» Your instructions: Give again, word for word, each line below starting at the one that contains "using ln_prod[OF I, of" and ending at the one that contains "l *\<^sub>R (B".

» Provided entries:
section \<open>Trace excess of a unimodular positive definite matrix\<close>

lemma minus_one_minus_ln_lower:
  fixes x K :: real
  assumes "0 < x" "x \<le> K" "1 \<le> K"
  shows "(x - 1)\<^sup>2 / (K + 1)\<^sup>2 \<le> x - 1 - ln x"
proof -
  define r where "r = sqrt x"
  have r: "0 < r" "r\<^sup>2 = x"
    using assms by (simp_all add: r_def)
  have "r \<le> K"
  proof (cases "r \<le> 1")
    case False
    then have "r \<le> r\<^sup>2"
      by (simp add: power2_eq_square)
    then show ?thesis
      using r(2) assms(2) by simp
  qed (use assms(3) in simp)
  have "(x - 1)\<^sup>2 = (r - 1)\<^sup>2 * (r + 1)\<^sup>2"
    unfolding r(2)[symmetric] by (simp add: power2_eq_square algebra_simps)
  also have "\<dots> \<le> (r - 1)\<^sup>2 * (K + 1)\<^sup>2"
    using \<open>r \<le> K\<close> r by (intro mult_left_mono power_mono) auto
  finally have "(x - 1)\<^sup>2 / (K + 1)\<^sup>2 \<le> (r - 1)\<^sup>2"
    using assms by (simp add: divide_le_eq)
  also have "\<dots> = x - 1 - 2 * (r - 1)"
    unfolding r(2)[symmetric] by (simp add: power2_eq_square algebra_simps)
  also have "\<dots> \<le> x - 1 - ln x"
    using ln_le_minus_one[OF r(1)] assms by (simp add: r_def ln_sqrt)
  finally show ?thesis .
qed

lemma minus_one_minus_ln_upper:
  fixes x K :: real
  assumes "1 / K \<le> x" "1 \<le> K"
  shows "x - 1 - ln x \<le> K * (x - 1)\<^sup>2"
proof -
  have x: "0 < x"
    using assms by (smt (verit) divide_pos_pos)
  have "- ln x \<le> 1 / x - 1"
    using ln_le_minus_one[of "1 / x"] x by (simp add: ln_div)
  then have "x - 1 - ln x \<le> (x - 1)\<^sup>2 * (1 / x)"
    using x by (simp add: field_simps power2_eq_square)
  also have "\<dots> \<le> (x - 1)\<^sup>2 * K"
    using assms x by (intro mult_left_mono) (simp_all add: divide_le_eq mult.commute)
  finally show ?thesis
    by (simp add: mult.commute)
qed

lemma sum_unimodular_bounds:
  fixes d :: "'i \<Rightarrow> real"
  assumes I: "finite I" and d: "\<And>i. i \<in> I \<Longrightarrow> 1 / K \<le> d i \<and> d i \<le> K" and K: "1 \<le> K"
    and prod: "(\<Prod>i\<in>I. d i) = 1"
  shows "(\<Sum>i\<in>I. (d i - 1)\<^sup>2) / (K + 1)\<^sup>2 \<le> (\<Sum>i\<in>I. d i) - card I"
    and "(\<Sum>i\<in>I. d i) - card I \<le> K * (\<Sum>i\<in>I. (d i - 1)\<^sup>2)"
proof -
  have pos: "0 < d i" if "i \<in> I" for i
    using d[OF that] K by (smt (verit) divide_pos_pos)
  have "(\<Sum>i\<in>I. ln (d i)) = 0"
    using ln_prod[OF I, of d] pos prod by force
  then have eq: "(\<Sum>i\<in>I. d i) - card I = (\<Sum>i\<in>I. d i - 1 - ln (d i))"
    by (simp add: sum_subtractf)
  show "(\<Sum>i\<in>I. (d i - 1)\<^sup>2) / (K + 1)\<^sup>2 \<le> (\<Sum>i\<in>I. d i) - card I"
    unfolding eq sum_divide_distrib
    using minus_one_minus_ln_lower pos d K by (intro sum_mono) blast
  show "(\<Sum>i\<in>I. d i) - card I \<le> K * (\<Sum>i\<in>I. (d i - 1)\<^sup>2)"
    unfolding eq sum_distrib_left
    using minus_one_minus_ln_upper d K by (intro sum_mono) blast
qed

lemma abs_eigenvalue_le_norm:
  assumes "A *v v = l *\<^sub>R v" "norm v = 1"
  shows "\<bar>l\<bar> \<le> norm (A :: real^'n^'n)"
  using norm_matrix_vector_mult_le[of A v] assms by simp

lemma one_le_abs_eigenvalue_mult_norm_inverse:
  assumes "B ** A = mat 1" "A *v v = l *\<^sub>R v" "norm v = 1"
  shows "1 \<le> \<bar>l\<bar> * norm (B :: real^'n^'n)"
proof -
  have "v = l *\<^sub>R (B *v v)"
    using assms by (metis matrix_vector_mul_assoc matrix_vector_mul_lid matrix_vector_mult_scaleR)
  then have "1 = \<bar>l\<bar> * norm (B *v v)"
    using assms(3) by (metis norm_scaleR)
  also have "\<dots> \<le> \<bar>l\<bar> * norm B"
    using norm_matrix_vector_mult_le[of B v] assms(3) by (simp add: mult_left_mono)
  finally show ?thesis .
qed

theorem trace_excess_bounds:
  fixes A B :: "real^'n^'n"
  assumes sym: "transpose A = A" and pos: "\<And>x. x \<noteq> 0 \<Longrightarrow> 0 < x \<bullet> (A *v x)"
    and det: "det A = 1" and inv: "B ** A = mat 1"
    and "norm A \<le> K" "norm B \<le> K" and K: "1 \<le> K"
  shows "(norm (A - mat 1))\<^sup>2 / (K + 1)\<^sup>2 \<le> trace A - CARD('n)"
    and "trace A - CARD('n) \<le> K * (norm (A - mat 1))\<^sup>2"
proof -
  obtain Q d where Q: "orthogonal_matrix Q" and A: "A = transpose Q ** diag_mat d ** Q"
    using symmetric_matrix_diagonalization[OF sym] .
  have d: "1 / K \<le> d i \<and> d i \<le> K" for i
  proof -
    let ?v = "transpose Q *v axis i 1"
    have v: "norm ?v = 1" "A *v ?v = d i *\<^sub>R ?v"
      using orthogonal_conj_diag_eigenvector[OF Q] A by auto
    have "0 < d i"
      using pos posdef_orthogonal_conj_diag_iff[OF Q, of d] A by blast
    then show ?thesis
      using abs_eigenvalue_le_norm[OF v(2,1)] one_le_abs_eigenvalue_mult_norm_inverse[OF inv v(2,1)]
        \<open>norm A \<le> K\<close> \<open>norm B \<le> K\<close> K
      by (auto simp: divide_le_eq mult.commute intro: order_trans mult_left_mono)
  qed
  have QQ: "transpose Q ** Q = mat 1" "Q ** transpose Q = mat 1"
    using Q by (simp_all add: orthogonal_matrix_def)
  have "(\<Prod>i\<in>UNIV. d i) = 1"
    using det by (simp add: A det_similar[OF QQ(1)] det_diag_mat)
  moreover have "trace A = (\<Sum>i\<in>UNIV. d i)"
    by (simp add: A trace_similar[OF QQ(2)] trace_diag_mat)
  moreover have "(norm (A - mat 1))\<^sup>2 = (\<Sum>i\<in>UNIV. (d i - 1)\<^sup>2)"
  proof -
    have "A - mat 1 = transpose Q ** (diag_mat d - mat 1) ** Q"
      using Q by (simp add: A matrix_diff_ldistrib matrix_diff_rdistrib orthogonal_matrix_def)
    then show ?thesis
      by (simp add: norm_orthogonal_conj[OF Q] diag_mat_diff_mat1 norm_diag_mat_power2)
  qed
  ultimately show "(norm (A - mat 1))\<^sup>2 / (K + 1)\<^sup>2 \<le> trace A - CARD('n)"
    and "trace A - CARD('n) \<le> K * (norm (A - mat 1))\<^sup>2"
    using sum_unimodular_bounds[where I=UNIV and d=d and K=K] d K by simp_all
qed

section \<open>The relative strain\<close>

definition relative_strain :: "mat3 \<Rightarrow> mat3 \<Rightarrow> mat3" where
  "relative_strain C1 C2 = matrix_inv (msqrt C2) ** C1 ** matrix_inv (msqrt C2)"

lemma relative_strain_sym_posdef:
  assumes "C1 \<in> Mset" "C2 \<in> Mset"
  shows "sym_posdef (relative_strain C1 C2)"
proof -
  define P where "P = matrix_inv (msqrt C2)"
  have P: "transpose P = P" "msqrt C2 ** P = mat 1"
    using msqrt_Mset[OF assms(2)] by (simp_all add: P_def)
  have C1: "transpose C1 = C1" "\<And>x. x \<noteq> 0 \<Longrightarrow> 0 < x \<bullet> (C1 *v x)"
    using assms(1) by (auto simp: Mset_def sym_posdef_def)
  have "0 < x \<bullet> ((P ** C1 ** P) *v x)" if "x \<noteq> 0" for x
  proof -
    have "x = msqrt C2 *v (P *v x)"
      using P(2) by (simp add: matrix_vector_mul_assoc)
    then have "P *v x \<noteq> 0"
      using that by auto
    moreover have "x \<bullet> ((P ** C1 ** P) *v x) = (P *v x) \<bullet> (C1 *v (P *v x))"
      unfolding matrix_vector_mul_assoc[symmetric]
      using inner_matrix_vector_mult_transpose[of x P] P(1) by simp
    ultimately show ?thesis
      using C1(2) by simp
  qed
  moreover have "transpose (P ** C1 ** P) = P ** C1 ** P"
    using C1(1) P(1) by (simp add: matrix_transpose_mul matrix_mul_assoc)
  ultimately show ?thesis
    by (simp add: sym_posdef_def relative_strain_def P_def)
qed

lemma matrix_inv_Mset:
  assumes "C \<in> Mset"
  shows "matrix_inv C = matrix_inv (msqrt C) ** matrix_inv (msqrt C)"
    and "C ** matrix_inv C = mat 1"
proof -
  define S P where "S = msqrt C" and "P = matrix_inv S"
  have S: "C = S ** S" "S ** P = mat 1"
    using msqrt_Mset[OF assms] by (simp_all add: S_def P_def)
  then have "C ** (P ** P) = mat 1"
    by (simp add: matrix_mul_assoc matrix_mul_cancel_right)
  then show "matrix_inv C = matrix_inv (msqrt C) ** matrix_inv (msqrt C)" "C ** matrix_inv C = mat 1"
    by (simp_all add: matrix_inv_eq P_def S_def)
qed

lemma relative_strain_similar:
  assumes "C1 \<in> Mset" "C2 \<in> Mset"
  shows "C1 ** matrix_inv C2 = msqrt C2 ** relative_strain C1 C2 ** matrix_inv (msqrt C2)"
proof -
  define S P where "S = msqrt C2" and "P = matrix_inv S"
  have "S ** P = mat 1"
    using msqrt_Mset[OF assms(2)] by (simp add: S_def P_def)
  then show ?thesis
    using matrix_inv_Mset(1)[OF assms(2)]
    by (simp add: relative_strain_def S_def[symmetric] P_def[symmetric] matrix_mul_assoc)
qed

lemma det_mult_matrix_inv_Mset:
  assumes "C1 \<in> Mset" "C2 \<in> Mset"
  shows "det (C1 ** matrix_inv C2) = 1"
proof -
  have "det C2 * det (matrix_inv C2) = 1"
    using arg_cong[OF matrix_inv_Mset(2)[OF assms(2)], of det] by (simp add: det_mul)
  then show ?thesis
    using assms by (simp add: det_mul Mset_def)
qed

lemma det_relative_strain:
  assumes "C1 \<in> Mset" "C2 \<in> Mset"
  shows "det (relative_strain C1 C2) = 1"
  using det_mult_matrix_inv_Mset[OF assms] msqrt_Mset(3)[OF assms(2)]
  by (simp add: relative_strain_similar[OF assms] det_similar)

lemma Dist_eq_relative_strain:
  assumes "C1 \<in> Mset" "C2 \<in> Mset"
  shows "Dist k \<mu> C1 C2 = sqrt (\<mu> / 2 * (trace (relative_strain C1 C2) - 3))"
proof -
  have "trace (C1 ** matrix_inv C2) = trace (relative_strain C1 C2)"
    using msqrt_Mset(4)[OF assms(2)] by (simp add: relative_strain_similar[OF assms] trace_similar)
  then show ?thesis
    using det_mult_matrix_inv_Mset[OF assms] by (simp add: Dist_def psi_el_def)
qed

lemma relative_strain_inverse:
  assumes "C1 \<in> Mset" "C2 \<in> Mset"
  shows "(msqrt C2 ** matrix_inv (msqrt C1) ** matrix_inv (msqrt C1) ** msqrt C2) ** relative_strain C1 C2 = mat 1"
proof -
  define S1 P1 S2 P2 where "S1 = msqrt C1" and "P1 = matrix_inv S1"
    and "S2 = msqrt C2" and "P2 = matrix_inv S2"
  have "C1 = S1 ** S1" "P1 ** S1 = mat 1" "S2 ** P2 = mat 1"
    using msqrt_Mset[OF assms(1)] msqrt_Mset[OF assms(2)] by (simp_all add: S1_def P1_def S2_def P2_def)
  then have "S2 ** P1 ** P1 ** S2 ** (P2 ** C1 ** P2) = mat 1"
    by (simp add: matrix_mul_assoc matrix_mul_cancel_right)
  then show ?thesis
    by (simp add: relative_strain_def S1_def P1_def S2_def P2_def)
qed

lemma relative_strain_diff:
  assumes "C1 \<in> Mset" "C2 \<in> Mset"
  shows "C1 - C2 = msqrt C2 ** (relative_strain C1 C2 - mat 1) ** msqrt C2"
    and "relative_strain C1 C2 - mat 1 = matrix_inv (msqrt C2) ** (C1 - C2) ** matrix_inv (msqrt C2)"
proof -
  define S P where "S = msqrt C2" and "P = matrix_inv S"
  have S: "C2 = S ** S" "S ** P = mat 1" "P ** S = mat 1"
    using msqrt_Mset[OF assms(2)] by (simp_all add: S_def P_def)
  have "C1 - C2 = S ** (P ** C1 ** P - mat 1) ** S"
    using S by (simp add: matrix_diff_ldistrib matrix_diff_rdistrib matrix_mul_assoc matrix_mul_cancel_right)
  moreover have "P ** C1 ** P - mat 1 = P ** (C1 - C2) ** P"
    using S by (simp add: matrix_diff_ldistrib matrix_diff_rdistrib matrix_mul_assoc matrix_mul_cancel_right)
  ultimately show "C1 - C2 = msqrt C2 ** (relative_strain C1 C2 - mat 1) ** msqrt C2"
    and "relative_strain C1 C2 - mat 1 = matrix_inv (msqrt C2) ** (C1 - C2) ** matrix_inv (msqrt C2)"
    by (simp_all add: relative_strain_def S_def P_def)
qed

lemma relative_strain_norm_bounds:
  assumes "1 \<le> L" and C: "C1 \<in> Mset" "C2 \<in> Mset"
    and S1: "norm (msqrt C1) \<le> L" "norm (matrix_inv (msqrt C1)) \<le> L"
    and S2: "norm (msqrt C2) \<le> L" "norm (matrix_inv (msqrt C2)) \<le> L"
  shows "norm (relative_strain C1 C2) \<le> L ^ 4"
    and "norm (msqrt C2 ** matrix_inv (msqrt C1) ** matrix_inv (msqrt C1) ** msqrt C2) \<le> L ^ 4"
proof -
  have L4: "L ^ 4 = L\<^sup>2 * L\<^sup>2"
    by (simp add: power4_eq_xxxx power2_eq_square)
  have "norm (relative_strain C1 C2) \<le> L\<^sup>2 * norm (msqrt C1 ** msqrt C1)"
    using norm_conj_le[OF S2(2), of C1] msqrt_Mset(2)[OF C(1)] by (simp add: relative_strain_def)
  also have "\<dots> \<le> L ^ 4"
    unfolding L4 using norm_matrix_mult_self_le[OF S1(1)] by (intro mult_left_mono) simp_all
  finally show "norm (relative_strain C1 C2) \<le> L ^ 4" .
  have "norm (msqrt C2 ** matrix_inv (msqrt C1) ** matrix_inv (msqrt C1) ** msqrt C2)
      \<le> L\<^sup>2 * norm (matrix_inv (msqrt C1) ** matrix_inv (msqrt C1))"
    using norm_conj_le[OF S2(1), of "matrix_inv (msqrt C1) ** matrix_inv (msqrt C1)"]
    by (simp add: matrix_mul_assoc)
  also have "\<dots> \<le> L ^ 4"
    unfolding L4 using norm_matrix_mult_self_le[OF S1(2)] by (intro mult_left_mono) simp_all
  finally show "norm (msqrt C2 ** matrix_inv (msqrt C1) ** matrix_inv (msqrt C1) ** msqrt C2) \<le> L ^ 4" .
qed

lemma relative_strain_estimates:
  assumes "1 \<le> L" and C: "C1 \<in> Mset" "C2 \<in> Mset"
    and S1: "norm (msqrt C1) \<le> L" "norm (matrix_inv (msqrt C1)) \<le> L"
    and S2: "norm (msqrt C2) \<le> L" "norm (matrix_inv (msqrt C2)) \<le> L"
  defines "R \<equiv> relative_strain C1 C2"
  shows "(norm (R - mat 1))\<^sup>2 / (L ^ 4 + 1)\<^sup>2 \<le> trace R - 3"
    and "trace R - 3 \<le> L ^ 4 * (norm (R - mat 1))\<^sup>2"
    and "norm (C1 - C2) \<le> L\<^sup>2 * norm (R - mat 1)"
    and "norm (R - mat 1) \<le> L\<^sup>2 * norm (C1 - C2)"
proof -
  have R: "transpose R = R" "\<And>x. x \<noteq> 0 \<Longrightarrow> 0 < x \<bullet> (R *v x)" "det R = 1"
    using relative_strain_sym_posdef[OF C] det_relative_strain[OF C] by (auto simp: sym_posdef_def R_def)
  have "1 \<le> L ^ 4"
    using \<open>1 \<le> L\<close> by (simp add: one_le_power)
  from trace_excess_bounds[OF R relative_strain_inverse[OF C, folded R_def]
      relative_strain_norm_bounds[OF \<open>1 \<le> L\<close> C S1 S2, folded R_def] this]
  show "(norm (R - mat 1))\<^sup>2 / (L ^ 4 + 1)\<^sup>2 \<le> trace R - 3"
    and "trace R - 3 \<le> L ^ 4 * (norm (R - mat 1))\<^sup>2"
    by simp_all
  show "norm (C1 - C2) \<le> L\<^sup>2 * norm (R - mat 1)"
    unfolding R_def by (subst relative_strain_diff(1)[OF C], rule norm_conj_le[OF S2(1)])
  show "norm (R - mat 1) \<le> L\<^sup>2 * norm (C1 - C2)"
    unfolding R_def by (subst relative_strain_diff(2)[OF C], rule norm_conj_le[OF S2(2)])
qed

» Expected output:
    using ln_prod[OF I, of d] pos prod by force
  then have eq: "(\<Sum>i\<in>I. d i) - card I = (\<Sum>i\<in>I. d i - 1 - ln (d i))"
    by (simp add: sum_subtractf)
  show "(\<Sum>i\<in>I. (d i - 1)\<^sup>2) / (K + 1)\<^sup>2 \<le> (\<Sum>i\<in>I. d i) - card I"
    unfolding eq sum_divide_distrib
    using minus_one_minus_ln_lower pos d K by (intro sum_mono) blast
  show "(\<Sum>i\<in>I. d i) - card I \<le> K * (\<Sum>i\<in>I. (d i - 1)\<^sup>2)"
    unfolding eq sum_distrib_left
    using minus_one_minus_ln_upper d K by (intro sum_mono) blast
qed

lemma abs_eigenvalue_le_norm:
  assumes "A *v v = l *\<^sub>R v" "norm v = 1"
  shows "\<bar>l\<bar> \<le> norm (A :: real^'n^'n)"
  using norm_matrix_vector_mult_le[of A v] assms by simp

lemma one_le_abs_eigenvalue_mult_norm_inverse:
  assumes "B ** A = mat 1" "A *v v = l *\<^sub>R v" "norm v = 1"
  shows "1 \<le> \<bar>l\<bar> * norm (B :: real^'n^'n)"
proof -
  have "v = l *\<^sub>R (B *v v)"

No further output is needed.